### Work item
There is material below. Print exactly the lines starting at the line with "cnj (poly p" and ending at the line with "by (simp add: z_def", ends included, and no others.
- Opening Delimiter -
lemma norm_exp_i_diff_le: "cmod (exp (\<i> * of_real a) - exp (\<i> * of_real b)) \<le> \<bar>a - b\<bar>"
proof -
  have "exp (\<i> * of_real a) - exp (\<i> * of_real b) = exp (\<i> * of_real b) * (exp (\<i> * of_real (a - b)) - 1)"
    by (simp add: algebra_simps flip: exp_add)
  then have "cmod (exp (\<i> * of_real a) - exp (\<i> * of_real b)) = 2 * \<bar>sin ((a - b) / 2)\<bar>"
    using dist_exp_i_1[of "a - b"] by (simp add: norm_mult)
  also have "\<dots> \<le> \<bar>a - b\<bar>" using abs_sin_x_le_abs_x[of "(a - b) / 2"] by simp
  finally show ?thesis .
qed

text \<open>The phase factor makes this real for self-inversive p of degree N, so roots of p on the
  circle become sign changes of a real function of t.\<close>
definition circle_fun :: "nat \<Rightarrow> complex poly \<Rightarrow> real \<Rightarrow> complex" where
  "circle_fun N p t = exp (- (\<i> * of_nat N * of_real t / 2)) * poly p (exp (\<i> * of_real t))"

lemma circle_fun_eq_0_iff: "circle_fun N p t = 0 \<longleftrightarrow> poly p (exp (\<i> * of_real t)) = 0"
  by (simp add: circle_fun_def)

lemma Im_circle_fun:
  assumes "self_inversive p" "degree p = N"
  shows "Im (circle_fun N p t) = 0"
proof -
  define z where "z = exp (\<i> * of_real t)"
  have z: "z \<noteq> 0" "inverse (cnj z) = z" by (simp_all add: z_def exp_cnj flip: exp_minus)
  have "poly p z = z ^ N * cnj (poly p z)"
    using poly_conj_reflect_poly[OF z(1), of p] assms z(2) by simp
  moreover have "z ^ N = exp (\<i> * of_nat N * of_real t / 2) * exp (\<i> * of_nat N * of_real t / 2)"
    by (simp add: z_def algebra_simps flip: exp_of_nat_mult exp_add)
  ultimately have "cnj (circle_fun N p t) = circle_fun N p t"
    unfolding circle_fun_def z_def[symmetric]
    by (simp add: exp_cnj exp_minus field_simps)
  then show ?thesis by (metis Reals_cnj_iff complex_is_Real_iff)
qed

lemma has_vector_derivative_circle_fun:
  "(circle_fun N p has_vector_derivative
     exp (- (\<i> * of_nat N * of_real t / 2)) * (\<i> * exp (\<i> * of_real t) * poly (pderiv p) (exp (\<i> * of_real t))
       - \<i> * of_nat N / 2 * poly p (exp (\<i> * of_real t)))) (at t)"
proof -
  have "((\<lambda>z. exp (- (\<i> * of_nat N * z / 2)) * poly p (exp (\<i> * z))) has_field_derivative
     exp (- (\<i> * of_nat N * of_real t / 2)) * (\<i> * exp (\<i> * of_real t) * poly (pderiv p) (exp (\<i> * of_real t))
       - \<i> * of_nat N / 2 * poly p (exp (\<i> * of_real t)))) (at (of_real t))"
    by (auto intro!: derivative_eq_intros simp: algebra_simps)
  from has_vector_derivative_real_field[OF this] show ?thesis
    by (simp add: circle_fun_def[abs_def])
qed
- Closing Delimiter -
### Solved exercise
  have "poly p z = z ^ N * cnj (poly p z)"
    using poly_conj_reflect_poly[OF z(1), of p] assms z(2) by simp
  moreover have "z ^ N = exp (\<i> * of_nat N * of_real t / 2) * exp (\<i> * of_nat N * of_real t / 2)"
    by (simp add: z_def algebra_simps flip: exp_of_nat_mult exp_add)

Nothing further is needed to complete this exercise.